И она ушла, а я почувствовал себя таким ничтожным, как никогда в жизни, ничтожнее даже, чем в присутствии Зикали мудреца. Почему, думал я, она довела меня сперва до безумия, а затем отказалась? И по сей час я не могу дать ответа на этот вопрос. Я только предполагаю, что она действительно полюбила меня, но боялась вовлечь меня в неприятности и заговоры. А может быть, она была настолько умна, что видела, что наши характеры — как масло и вода, которые никогда не могут соединиться.
Глава V
Соперники
Можно было ожидать, что после этой удивительной сцены мои отношения с молодой девушкой будут натянутыми. Нисколько. Когда мы снова встретились на следующее утро, Мамина держалась свободно и естественно, как всегда. Она перевязала мои раны, которые почти уже зажили, шутила, расспрашивала о содержании некоторых писем и газет, полученных мною из Наталя, — словом, вела себя как ни в чем не бывало.

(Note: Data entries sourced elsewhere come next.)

lemma cheb_node_strict_antimono:
  assumes "l < l'" "l' \<le> Suc n"
  shows "cheb_node n l' < cheb_node n l"
proof -
  have "real l' * pi \<le> real (Suc n) * pi"
    using assms by (intro mult_right_mono) auto
  then have angle_le_pi: "real l' * pi / real (Suc n) \<le> pi"
    by (simp add: pos_divide_le_eq)
  have "real l * pi / real (Suc n) < real l' * pi / real (Suc n)"
    using assms by (intro divide_strict_right_mono mult_strict_right_mono) auto
  then show ?thesis
    unfolding cheb_node_def using angle_le_pi by (simp add: cos_mono_less_eq)
qed

lemma cheb_node_bounds:
  assumes "1 \<le> l" "l \<le> n"
  shows "-2 < cheb_node n l" "cheb_node n l < 2"
  using cheb_node_strict_antimono[of l "Suc n" n] cheb_node_strict_antimono[of 0 l n] assms
  by simp_all

text \<open>At the nodes, \<open>tU\<^sub>n\<close> vanishes and \<open>tU\<^sub>n\<^sub>-\<^sub>1 = -(-1)\<^sup>l\<close>, since
  \<open>sin (n t) = sin (l \<pi> - t)\<close> there.\<close>
lemma poly_Phi_cheb_node:
  assumes "1 \<le> l" "l \<le> n"
  shows "poly (Phi n) (cheb_node n l) = 2 * (cheb_node n l + 2) * (1 - (-1) ^ l)"
proof -
  define t where "t = real l * pi / real (Suc n)"
  obtain j where n: "n = Suc j"
    using assms by (cases n) auto
  have "real l * pi < real (Suc n) * pi"
    using assms by (intro mult_strict_right_mono) auto
  then have "0 < t" "t < pi"
    using assms unfolding t_def by (simp_all add: pos_divide_less_eq)
  then have sin_pos: "sin t > 0"
    by (rule sin_gt_zero)
  have multiple: "real (Suc n) * t = real l * pi"
    unfolding t_def by simp
  then have "poly (chebU n) (cos t) * sin t = 0"
    using chebU_cos[of n t] by simp
  then have tU_n: "poly (chebU_tilde n) (2 * cos t) = 0"
    using sin_pos by (simp add: poly_chebU_tilde_2cos)
  have "real (Suc j) * t = real l * pi - t"
    using multiple n by (simp add: algebra_simps)
  then have "poly (chebU j) (cos t) * sin t = sin (real l * pi - t)"
    using chebU_cos[of j t] by simp
  also have "\<dots> = - ((-1) ^ l) * sin t"
    by (simp add: sin_diff)
  finally have tU_pred: "poly (chebU_tilde j) (2 * cos t) = - ((-1) ^ l)"
    using sin_pos by (metis mult_right_cancel order_less_irrefl poly_chebU_tilde_2cos)
  have "cheb_node n l = 2 * cos t"
    by (simp add: cheb_node_def t_def)
  then show ?thesis
    unfolding Phi_def using tU_n tU_pred n by (simp add: algebra_simps)
qed

lemma inj_on_even_cheb_nodes: "inj_on (\<lambda>i. cheb_node n (2 * i)) {1..n div 2}"
proof (rule inj_onI)
  fix i i' assume "i \<in> {1..n div 2}" "i' \<in> {1..n div 2}"
    and eq: "cheb_node n (2 * i) = cheb_node n (2 * i')"
  then have "2 * i \<le> Suc n" "2 * i' \<le> Suc n"
    by auto
  then show "i = i'"
    using eq cheb_node_strict_antimono[of "2 * i" "2 * i'" n]
      cheb_node_strict_antimono[of "2 * i'" "2 * i" n] by (cases i i' rule: linorder_cases) auto
qed

definition even_node_poly :: "nat \<Rightarrow> real poly" where
  "even_node_poly n = (\<Prod>i=1..n div 2. [:- cheb_node n (2 * i), 1:])"

lemma degree_even_node_poly: "degree (even_node_poly n) = n div 2"
  unfolding even_node_poly_def by (subst degree_prod_eq_sum_degree) auto

lemma real_rooted_between_even_node_poly: "real_rooted_between (even_node_poly n) (-2) 2"
proof (rule real_rooted_betweenI)
  let ?T = "(\<lambda>i. cheb_node n (2 * i)) ` {1..n div 2}"
  show "even_node_poly n \<noteq> 0"
    unfolding even_node_poly_def by (auto simp: prod_zero_iff)
  show "?T \<subseteq> {-2<..<2}"
    using cheb_node_bounds[of "2 * _" n] by auto
  show "poly (even_node_poly n) t = 0" if "t \<in> ?T" for t
    using that unfolding even_node_poly_def poly_prod by (auto simp: prod_zero_iff)
  show "degree (even_node_poly n) \<le> card ?T"
    by (subst card_image[OF inj_on_even_cheb_nodes]) (simp add: degree_even_node_poly)
qed simp

definition Phi_cofactor :: "nat \<Rightarrow> real poly" where
  "Phi_cofactor n = Phi n div ([:-2, 1:] ^ 2 * even_node_poly n)"

lemma Phi_factorization:
  assumes "n \<ge> 1"
  shows "Phi n = [:-2, 1:] ^ 2 * even_node_poly n * Phi_cofactor n"
proof -
  have "[:-2, 1:] ^ 2 dvd Phi n"
    using assms by (intro linear_power2_dvd_if_double_root poly_Phi_2 poly_pderiv_Phi_2)
  then have "[:-2, 1:] ^ 2 * even_node_poly n dvd Phi n"
    unfolding even_node_poly_def
  proof (rule prod_linear_mult_dvd[OF finite_atLeastAtMost inj_on_even_cheb_nodes, rotated 2])
    fix i assume "i \<in> {1..n div 2}"
    then have "1 \<le> 2 * i" "2 * i \<le> n"
      by auto
    then show "poly (Phi n) (cheb_node n (2 * i)) = 0"
      and "poly ([:-2, 1:] ^ 2) (cheb_node n (2 * i)) \<noteq> 0"
      using poly_Phi_cheb_node[of "2 * i" n] cheb_node_bounds[of "2 * i" n] by auto
  qed
  then show ?thesis
    by (simp add: Phi_cofactor_def)
qed

lemma Phi_nonzero: "Phi n \<noteq> 0"
  using poly_Phi_minus_2[of n] by auto

lemma degree_Phi_cofactor_le:
  assumes "n \<ge> 1"
  shows "degree (Phi_cofactor n) \<le> n - n div 2"
proof -
  have "degree (Phi n) = 2 + n div 2 + degree (Phi_cofactor n)"
    using Phi_factorization[OF assms] Phi_nonzero[of n]
    by (metis degree_even_node_poly degree_linear_power degree_mult_eq mult_eq_0_iff)
  then show ?thesis
    using degree_Phi_le[of n] by simp
qed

Вам, может быть, покажется странным, что дикарка могла действовать так тонко. Но дело именно в том, что в основе все люди одинаковы, и между дикарем и нами очень мало разницы. По какому праву называем мы такие, например, народы, как зулусы, дикарями? Если не заострять внимания на их обычае полигамии, что в конце концов обычно и среди цивилизованных народов Востока, можно утверждать, что они имеют социальную систему, очень похожую на нашу. У них есть древние, глубоко оправданные законы, и нравственность их не ниже нашей. Они честные и правдивые, и строго чтут гостеприимство.
Они отличаются от нас, главным образом, тем, что не напиваются (пока белый человек не научил их этому), что носят меньше одежды, так как климат их более жаркий, что их города ночью не обезображены такими картинками, как наши. А как они любят своих детей! Они никогда не бывают жестокими к ним, хотя и умерщвляют иногда уродливого младенца. Они ведут войну со страшной жестокостью, но разве европейские войны менее жестоки?
Остается еще их вера в колдовство и вытекающие из этого предрассудки. Но с тех пор, как я живу в Англии, я много читал по этому вопросу и нахожу, что подобные же предрассудки встречаются и в Европе, то есть, в той части света, которая более тысячи лет наслаждается «преимуществами» христианского учения.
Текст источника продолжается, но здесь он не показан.